Services are not in any way aware of other services in the system. Message producers are unable to choose which service should receive messages being send. Instead they use various routing algorithms.

Message routing in NSQ is organised around topics and channels:

publisher pushes the message to some named topic
each interested consumer opens his own named channel on that topic
every channel will receive a copy of every message published on topic

Routing mechanism we just described is equivalent to classic pub/sub mechanism (Worker subscribes to Sensor messages).

The other common pattern is to distribute messages evenly between several service instances (load balancing). For example, if we introduce another instance of Worker all messages will be evenly distributed between two of them (image from NSQ docs).

It is important to notice that NSQ routing is not statically configured. It is up to services to decide which topics and channels to open. This way message routing is completely managed by services.

Who is responsible for message delivery?

In the three examples shown we have had three different responsibility patterns.

Sensor is passive, it responds only when asked for the data
Sensor is responsible to deliver the data to all interested parties
Sensor dispatches the data to NSQ

Drawback with first pattern is that interested parties don't know when the data is available — so they have to poll.

Drawback with second pattern is that service is responsible to deliver data to all interested parties (introduced coupling). Additional problems may arise when target services are unavailable.
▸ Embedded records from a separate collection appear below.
(* For every $t\in I$, $\tau\in(0,T-t]$ and $x\in\mathbb{R}^n$, $$V(t,x)=\mathcal{E}\big(\mathrm{cl}\,\widetilde Y(\tau,t,x),P\big),\qquad \widetilde Y(\tau,t,x)=\bigcup_{u\in\mathcal{U}}\Big(J(t,t+\tau,x,u)+V\big(t+\tau,x(t+\tau;t,x,u)\big)\Big).$$
   Context: Setting (MOC). Fix $T>0$, $I=[0,T]$, integers $n,m,p\ge1$, nonempty compact $U\subset\mathbb{R}^m$. $f:\mathbb{R}^n\times U\to\mathbb{R}^n$ continuous with $\|f(x_1,u)-f(x_2,u)\|\le K_f\|x_1-x_2\|$, $\|f(x,u)\|\le M_f$. $L:\mathbb{R}^n\times U\to\mathbb{R}^p$ continuous with $\|L(x,u)\|\le M_L$, $\|L(x_1,u)-L(x_2,u)\|\le K_L\|x_1-x_2\|$. Controls $\mathcal{U}$: bounded Lebesgue measurable $u:I\to U$. $x(s;t,x,u)$ solves $\dot x=f(x,u(s))$ on $[t,T]$, $x(t)=x$; $J(t,t',x,u)=\int_t^{t'}L(x(s;t,x,u),u(s))ds$; $Y(t,x)=\{J(t,T,x,u):u\in\mathcal{U}\}$. $P\subset\mathbb{R}^p$: closed convex pointed cone containing $0$ with nonempty interior; $\mathcal{E}(S,P)=\{y\in S:(y-P)\cap S=\{y\}\}$; $V(t,x)=\mathcal{E}(\mathrm{cl}\,Y(t,x),P)$ (so $V(T,x)=\{0\}$). *)

theory Defs
  imports "HOL-Analysis.Analysis"
begin

definition admissible_controls :: "real \<Rightarrow> 'c::euclidean_space set \<Rightarrow> (real \<Rightarrow> 'c) set" where
  "admissible_controls T U =
     {u. (\<forall>s\<in>{0..T}. u s \<in> U) \<and> u measurable_on {0..T} \<and> bounded (u ` {0..T})}"

text \<open>y is a (Caratheodory) solution of y' = f(y, u(s)) on [t,T] with y(t) = x,
  i.e. it is continuous and satisfies the integral equation.\<close>
definition is_traj :: "('a::euclidean_space \<Rightarrow> 'c \<Rightarrow> 'a) \<Rightarrow> real \<Rightarrow> real \<Rightarrow> 'a
     \<Rightarrow> (real \<Rightarrow> 'c) \<Rightarrow> (real \<Rightarrow> 'a) \<Rightarrow> bool" where
  "is_traj f T t x u y \<longleftrightarrow> continuous_on {t..T} y \<and>
     (\<forall>s\<in>{t..T}. (\<lambda>r. f (y r) (u r)) integrable_on {t..s} \<and>
                 y s = x + integral {t..s} (\<lambda>r. f (y r) (u r)))"

text \<open>Cost J(t,t',x,u) along the trajectory y = x(.;t,x,u).\<close>
definition cost :: "('a \<Rightarrow> 'c \<Rightarrow> 'b::euclidean_space) \<Rightarrow> real \<Rightarrow> real
     \<Rightarrow> (real \<Rightarrow> 'a) \<Rightarrow> (real \<Rightarrow> 'c) \<Rightarrow> 'b" where
  "cost L t t' y u = integral {t..t'} (\<lambda>s. L (y s) (u s))"

definition Yset :: "('a::euclidean_space \<Rightarrow> 'c::euclidean_space \<Rightarrow> 'a) \<Rightarrow> ('a \<Rightarrow> 'c \<Rightarrow> 'b::euclidean_space)
     \<Rightarrow> 'c set \<Rightarrow> real \<Rightarrow> real \<Rightarrow> 'a \<Rightarrow> 'b set" where
  "Yset f L U T t x = {cost L t T y u | u y. u \<in> admissible_controls T U \<and> is_traj f T t x u y}"

definition efficient :: "'b::real_vector set \<Rightarrow> 'b set \<Rightarrow> 'b set" where
  "efficient S P = {y \<in> S. ((\<lambda>p. y - p) ` P) \<inter> S = {y}}"

definition Vfun :: "('a::euclidean_space \<Rightarrow> 'c::euclidean_space \<Rightarrow> 'a) \<Rightarrow> ('a \<Rightarrow> 'c \<Rightarrow> 'b::euclidean_space)
     \<Rightarrow> 'c set \<Rightarrow> real \<Rightarrow> 'b set \<Rightarrow> real \<Rightarrow> 'a \<Rightarrow> 'b set" where
  "Vfun f L U T P t x = efficient (closure (Yset f L U T t x)) P"

definition Ytilde :: "('a::euclidean_space \<Rightarrow> 'c::euclidean_space \<Rightarrow> 'a) \<Rightarrow> ('a \<Rightarrow> 'c \<Rightarrow> 'b::euclidean_space)
     \<Rightarrow> 'c set \<Rightarrow> real \<Rightarrow> 'b set \<Rightarrow> real \<Rightarrow> real \<Rightarrow> 'a \<Rightarrow> 'b set" where
  "Ytilde f L U T P \<tau> t x =
     \<Union> {(\<lambda>v. cost L t (t + \<tau>) y u + v) ` Vfun f L U T P (t + \<tau>) (y (t + \<tau>)) | u y.
          u \<in> admissible_controls T U \<and> is_traj f T t x u y}"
In the third pattern responsibility of message delivery is loaded off to a third party (NSQ). Service can now focus its attention to its domain problems.

Stale messages

What happens if some consumer goes down and misses some messages? Messages will wait in the queue and be delivered when service comes up again. In most cases that is a wonderful feature but it might have some dangerous side effects. The effects of stale messages have to be considered separately depending on the context.

Missed messages

What happens when some messages have not been handled properly? One common solution is to allow consumer to ask the publisher to replay the data missed. For such purposes publishers should have additional interface for data replay queries. Consumer should be able:

to detect that he missed some messages
to send query to the publisher to replay data missed
to handle messages idempotently
to make full state recovery when too much data has been missed

Routing anti-patterns

We have mentioned two routing patterns: pub/sub and load balancing. There are many others available. However, one should be aware that complex routing algorithms have been recognised as an anti-pattern in microservice architecture. Messaging component should be kept as dumb as possible; smart parts of the application should be moved to the endpoints (pictures by Martin Fowler).

Distributed messaging

Very important property of NSQ is that it is distributed. This prevents it from introducing single point of failure. Basic components of NSQ system are:

nsqd — messaging node
nsqlookupd — discovery node
nsqadmin — administration GUI

One can simultaneously use multiple instances of any node type.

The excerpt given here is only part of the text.